TASK DETAILS
Set out exactly every line of the entries below, starting at the line that holds "indicator ?I x \<le>" and stopping after the line that holds "qed (use nonneg in simp)".

INPUT DATA
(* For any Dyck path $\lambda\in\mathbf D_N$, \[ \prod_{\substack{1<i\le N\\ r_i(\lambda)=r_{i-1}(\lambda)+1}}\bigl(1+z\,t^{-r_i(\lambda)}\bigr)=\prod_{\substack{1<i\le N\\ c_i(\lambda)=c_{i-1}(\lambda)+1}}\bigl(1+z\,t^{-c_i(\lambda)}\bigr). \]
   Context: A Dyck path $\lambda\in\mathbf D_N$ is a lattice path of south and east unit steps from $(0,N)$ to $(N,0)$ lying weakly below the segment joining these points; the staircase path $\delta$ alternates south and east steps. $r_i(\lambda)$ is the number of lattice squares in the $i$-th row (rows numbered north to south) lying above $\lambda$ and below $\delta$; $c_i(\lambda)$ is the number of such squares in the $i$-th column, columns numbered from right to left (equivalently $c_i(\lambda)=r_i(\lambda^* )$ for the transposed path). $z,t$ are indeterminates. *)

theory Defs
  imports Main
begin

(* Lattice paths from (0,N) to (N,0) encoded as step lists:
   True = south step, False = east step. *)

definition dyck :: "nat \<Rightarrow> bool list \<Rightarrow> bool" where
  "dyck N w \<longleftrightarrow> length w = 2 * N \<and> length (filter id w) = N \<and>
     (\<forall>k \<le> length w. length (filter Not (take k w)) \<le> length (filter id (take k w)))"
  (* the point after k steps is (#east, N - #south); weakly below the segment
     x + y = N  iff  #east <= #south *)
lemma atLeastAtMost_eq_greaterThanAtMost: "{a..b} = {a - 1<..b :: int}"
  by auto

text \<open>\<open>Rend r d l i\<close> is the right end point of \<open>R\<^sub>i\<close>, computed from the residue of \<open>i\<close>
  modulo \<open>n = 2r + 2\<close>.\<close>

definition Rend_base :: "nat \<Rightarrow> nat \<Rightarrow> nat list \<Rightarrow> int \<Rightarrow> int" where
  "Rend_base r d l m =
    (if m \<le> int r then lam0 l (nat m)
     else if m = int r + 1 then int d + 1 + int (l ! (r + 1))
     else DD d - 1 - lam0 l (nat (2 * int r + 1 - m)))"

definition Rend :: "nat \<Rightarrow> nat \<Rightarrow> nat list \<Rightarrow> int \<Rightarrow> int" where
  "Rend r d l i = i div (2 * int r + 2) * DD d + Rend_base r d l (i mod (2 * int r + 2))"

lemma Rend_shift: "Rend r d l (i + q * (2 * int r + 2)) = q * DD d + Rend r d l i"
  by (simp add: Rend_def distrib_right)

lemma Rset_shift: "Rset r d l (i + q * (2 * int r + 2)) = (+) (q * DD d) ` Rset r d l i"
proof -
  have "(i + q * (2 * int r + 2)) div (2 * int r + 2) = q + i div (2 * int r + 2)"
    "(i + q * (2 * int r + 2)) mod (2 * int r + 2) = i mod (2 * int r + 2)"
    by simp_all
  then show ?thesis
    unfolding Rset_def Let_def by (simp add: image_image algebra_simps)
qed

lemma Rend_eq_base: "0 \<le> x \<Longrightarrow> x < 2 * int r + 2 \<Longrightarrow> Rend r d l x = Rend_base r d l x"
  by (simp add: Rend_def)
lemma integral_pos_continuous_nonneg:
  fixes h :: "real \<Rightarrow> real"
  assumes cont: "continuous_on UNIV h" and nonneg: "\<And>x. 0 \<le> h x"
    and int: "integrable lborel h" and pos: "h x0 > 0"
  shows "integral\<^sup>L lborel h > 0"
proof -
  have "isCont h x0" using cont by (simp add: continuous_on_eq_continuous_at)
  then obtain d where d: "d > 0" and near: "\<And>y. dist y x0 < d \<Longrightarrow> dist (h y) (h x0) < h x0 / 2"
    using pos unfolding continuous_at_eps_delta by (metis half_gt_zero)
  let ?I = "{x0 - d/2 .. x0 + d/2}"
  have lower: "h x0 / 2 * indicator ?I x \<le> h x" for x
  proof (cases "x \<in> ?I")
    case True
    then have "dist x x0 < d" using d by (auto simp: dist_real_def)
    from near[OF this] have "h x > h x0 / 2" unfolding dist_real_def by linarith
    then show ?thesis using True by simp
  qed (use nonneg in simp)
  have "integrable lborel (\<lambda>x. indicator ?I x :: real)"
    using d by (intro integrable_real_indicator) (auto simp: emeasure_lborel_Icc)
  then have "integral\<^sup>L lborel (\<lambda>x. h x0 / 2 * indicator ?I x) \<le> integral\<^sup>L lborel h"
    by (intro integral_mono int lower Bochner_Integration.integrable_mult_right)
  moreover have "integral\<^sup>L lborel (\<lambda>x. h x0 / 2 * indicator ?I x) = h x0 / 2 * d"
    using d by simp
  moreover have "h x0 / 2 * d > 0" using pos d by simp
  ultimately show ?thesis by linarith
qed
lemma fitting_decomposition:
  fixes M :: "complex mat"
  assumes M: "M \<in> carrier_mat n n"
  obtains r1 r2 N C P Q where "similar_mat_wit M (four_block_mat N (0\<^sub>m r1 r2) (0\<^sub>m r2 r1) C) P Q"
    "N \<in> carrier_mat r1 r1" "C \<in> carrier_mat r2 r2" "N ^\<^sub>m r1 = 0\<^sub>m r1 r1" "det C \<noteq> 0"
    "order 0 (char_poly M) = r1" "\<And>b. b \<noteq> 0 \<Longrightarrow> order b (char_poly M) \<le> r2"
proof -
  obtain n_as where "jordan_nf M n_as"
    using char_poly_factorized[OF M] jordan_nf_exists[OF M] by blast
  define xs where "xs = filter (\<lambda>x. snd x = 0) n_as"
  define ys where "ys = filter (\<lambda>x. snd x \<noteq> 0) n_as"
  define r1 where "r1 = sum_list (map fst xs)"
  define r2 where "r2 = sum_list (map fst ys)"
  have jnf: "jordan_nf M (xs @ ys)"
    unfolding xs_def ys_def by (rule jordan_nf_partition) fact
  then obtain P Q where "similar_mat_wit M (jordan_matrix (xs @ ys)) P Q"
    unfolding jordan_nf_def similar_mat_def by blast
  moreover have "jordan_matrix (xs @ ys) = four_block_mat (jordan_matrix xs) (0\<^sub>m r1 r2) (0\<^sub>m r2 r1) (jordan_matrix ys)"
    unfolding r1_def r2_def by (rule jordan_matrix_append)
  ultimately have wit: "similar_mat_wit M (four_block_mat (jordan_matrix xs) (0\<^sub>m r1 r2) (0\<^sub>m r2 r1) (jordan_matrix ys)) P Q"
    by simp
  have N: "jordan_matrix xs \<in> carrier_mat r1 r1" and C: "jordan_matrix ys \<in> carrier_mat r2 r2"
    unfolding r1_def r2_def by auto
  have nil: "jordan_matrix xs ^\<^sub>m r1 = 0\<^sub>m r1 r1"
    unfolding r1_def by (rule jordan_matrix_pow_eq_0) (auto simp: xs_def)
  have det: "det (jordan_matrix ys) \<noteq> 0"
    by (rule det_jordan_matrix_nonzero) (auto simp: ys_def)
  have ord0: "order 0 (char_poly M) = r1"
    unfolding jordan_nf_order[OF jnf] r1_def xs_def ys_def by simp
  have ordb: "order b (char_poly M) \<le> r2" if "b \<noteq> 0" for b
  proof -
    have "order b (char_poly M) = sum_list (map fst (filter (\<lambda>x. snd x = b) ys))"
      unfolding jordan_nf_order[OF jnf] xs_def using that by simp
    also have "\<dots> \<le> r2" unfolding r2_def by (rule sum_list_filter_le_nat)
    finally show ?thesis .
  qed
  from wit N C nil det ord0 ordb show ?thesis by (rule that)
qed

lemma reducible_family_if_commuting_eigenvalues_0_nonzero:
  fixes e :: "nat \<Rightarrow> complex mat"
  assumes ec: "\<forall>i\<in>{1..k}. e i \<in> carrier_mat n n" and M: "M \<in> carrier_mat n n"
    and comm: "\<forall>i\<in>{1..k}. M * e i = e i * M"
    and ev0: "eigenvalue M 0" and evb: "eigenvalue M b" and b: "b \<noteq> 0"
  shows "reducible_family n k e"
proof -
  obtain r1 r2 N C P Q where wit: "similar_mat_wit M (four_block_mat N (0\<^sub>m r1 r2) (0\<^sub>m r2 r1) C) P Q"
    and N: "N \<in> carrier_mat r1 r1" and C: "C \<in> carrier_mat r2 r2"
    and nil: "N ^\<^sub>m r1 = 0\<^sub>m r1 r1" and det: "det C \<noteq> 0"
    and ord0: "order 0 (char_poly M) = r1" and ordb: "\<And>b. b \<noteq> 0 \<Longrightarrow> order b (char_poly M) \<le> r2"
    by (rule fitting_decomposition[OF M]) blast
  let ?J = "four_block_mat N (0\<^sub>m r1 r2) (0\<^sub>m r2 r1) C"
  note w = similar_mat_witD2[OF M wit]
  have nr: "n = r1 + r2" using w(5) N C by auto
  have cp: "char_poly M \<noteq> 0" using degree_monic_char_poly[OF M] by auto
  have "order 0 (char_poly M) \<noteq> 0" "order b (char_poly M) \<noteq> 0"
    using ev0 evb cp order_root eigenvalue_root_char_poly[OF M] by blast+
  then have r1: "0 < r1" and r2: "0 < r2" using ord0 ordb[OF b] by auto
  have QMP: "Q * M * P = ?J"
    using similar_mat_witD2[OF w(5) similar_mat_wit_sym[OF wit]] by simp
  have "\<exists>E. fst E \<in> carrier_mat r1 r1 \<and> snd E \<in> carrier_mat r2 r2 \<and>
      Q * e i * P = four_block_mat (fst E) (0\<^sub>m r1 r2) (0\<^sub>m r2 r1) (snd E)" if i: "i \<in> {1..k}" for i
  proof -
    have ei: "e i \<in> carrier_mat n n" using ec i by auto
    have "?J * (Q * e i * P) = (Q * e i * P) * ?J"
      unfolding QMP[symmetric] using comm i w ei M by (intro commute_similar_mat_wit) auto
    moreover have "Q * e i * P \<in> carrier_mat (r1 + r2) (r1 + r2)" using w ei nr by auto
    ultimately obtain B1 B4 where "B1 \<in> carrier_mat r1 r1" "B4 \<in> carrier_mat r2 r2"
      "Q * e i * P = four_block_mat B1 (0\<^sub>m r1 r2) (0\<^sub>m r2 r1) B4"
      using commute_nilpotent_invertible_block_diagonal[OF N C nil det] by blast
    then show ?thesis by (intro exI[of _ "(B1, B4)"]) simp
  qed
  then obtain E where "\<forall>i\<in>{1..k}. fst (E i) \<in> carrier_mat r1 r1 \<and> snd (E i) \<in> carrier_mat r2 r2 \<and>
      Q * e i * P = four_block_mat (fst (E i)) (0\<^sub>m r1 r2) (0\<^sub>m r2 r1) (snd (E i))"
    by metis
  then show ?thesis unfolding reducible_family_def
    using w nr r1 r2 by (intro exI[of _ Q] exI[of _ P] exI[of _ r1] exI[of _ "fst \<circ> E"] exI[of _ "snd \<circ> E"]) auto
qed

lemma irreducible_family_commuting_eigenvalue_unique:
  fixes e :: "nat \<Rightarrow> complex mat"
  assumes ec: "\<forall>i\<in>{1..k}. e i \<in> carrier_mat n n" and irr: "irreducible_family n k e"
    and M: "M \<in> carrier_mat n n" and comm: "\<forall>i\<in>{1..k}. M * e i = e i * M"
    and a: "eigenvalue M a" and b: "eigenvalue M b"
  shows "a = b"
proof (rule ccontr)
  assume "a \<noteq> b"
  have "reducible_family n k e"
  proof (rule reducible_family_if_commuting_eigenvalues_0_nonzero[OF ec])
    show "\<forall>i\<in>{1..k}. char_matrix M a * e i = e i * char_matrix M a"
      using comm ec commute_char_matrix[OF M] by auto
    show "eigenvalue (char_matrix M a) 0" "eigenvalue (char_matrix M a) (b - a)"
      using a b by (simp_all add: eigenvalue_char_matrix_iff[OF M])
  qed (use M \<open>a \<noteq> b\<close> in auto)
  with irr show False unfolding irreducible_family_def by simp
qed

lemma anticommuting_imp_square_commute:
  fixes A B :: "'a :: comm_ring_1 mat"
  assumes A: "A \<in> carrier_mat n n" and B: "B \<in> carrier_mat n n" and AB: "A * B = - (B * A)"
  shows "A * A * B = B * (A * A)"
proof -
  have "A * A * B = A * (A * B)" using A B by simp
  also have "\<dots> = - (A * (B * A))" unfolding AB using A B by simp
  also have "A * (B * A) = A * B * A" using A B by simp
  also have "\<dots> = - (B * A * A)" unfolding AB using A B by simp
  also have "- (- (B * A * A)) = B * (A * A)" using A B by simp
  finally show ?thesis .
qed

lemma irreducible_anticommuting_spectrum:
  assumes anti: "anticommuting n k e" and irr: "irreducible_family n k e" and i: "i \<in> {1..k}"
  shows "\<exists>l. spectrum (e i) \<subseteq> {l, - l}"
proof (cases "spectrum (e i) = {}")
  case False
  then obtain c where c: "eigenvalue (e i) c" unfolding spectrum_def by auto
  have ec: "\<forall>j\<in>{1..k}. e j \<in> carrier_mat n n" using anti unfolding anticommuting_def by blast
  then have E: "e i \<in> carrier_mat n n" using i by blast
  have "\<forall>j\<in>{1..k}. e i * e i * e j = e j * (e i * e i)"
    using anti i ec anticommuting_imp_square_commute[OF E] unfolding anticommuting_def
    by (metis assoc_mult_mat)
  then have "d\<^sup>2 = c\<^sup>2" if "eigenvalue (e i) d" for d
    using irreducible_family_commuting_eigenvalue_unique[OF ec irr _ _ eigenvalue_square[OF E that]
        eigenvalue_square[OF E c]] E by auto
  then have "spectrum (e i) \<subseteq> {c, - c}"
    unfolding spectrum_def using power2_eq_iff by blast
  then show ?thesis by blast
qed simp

RESULT OF THIS EXERCISE
  have lower: "h x0 / 2 * indicator ?I x \<le> h x" for x
  proof (cases "x \<in> ?I")
    case True
    then have "dist x x0 < d" using d by (auto simp: dist_real_def)
    from near[OF this] have "h x > h x0 / 2" unfolding dist_real_def by linarith
    then show ?thesis using True by simp
  qed (use nonneg in simp)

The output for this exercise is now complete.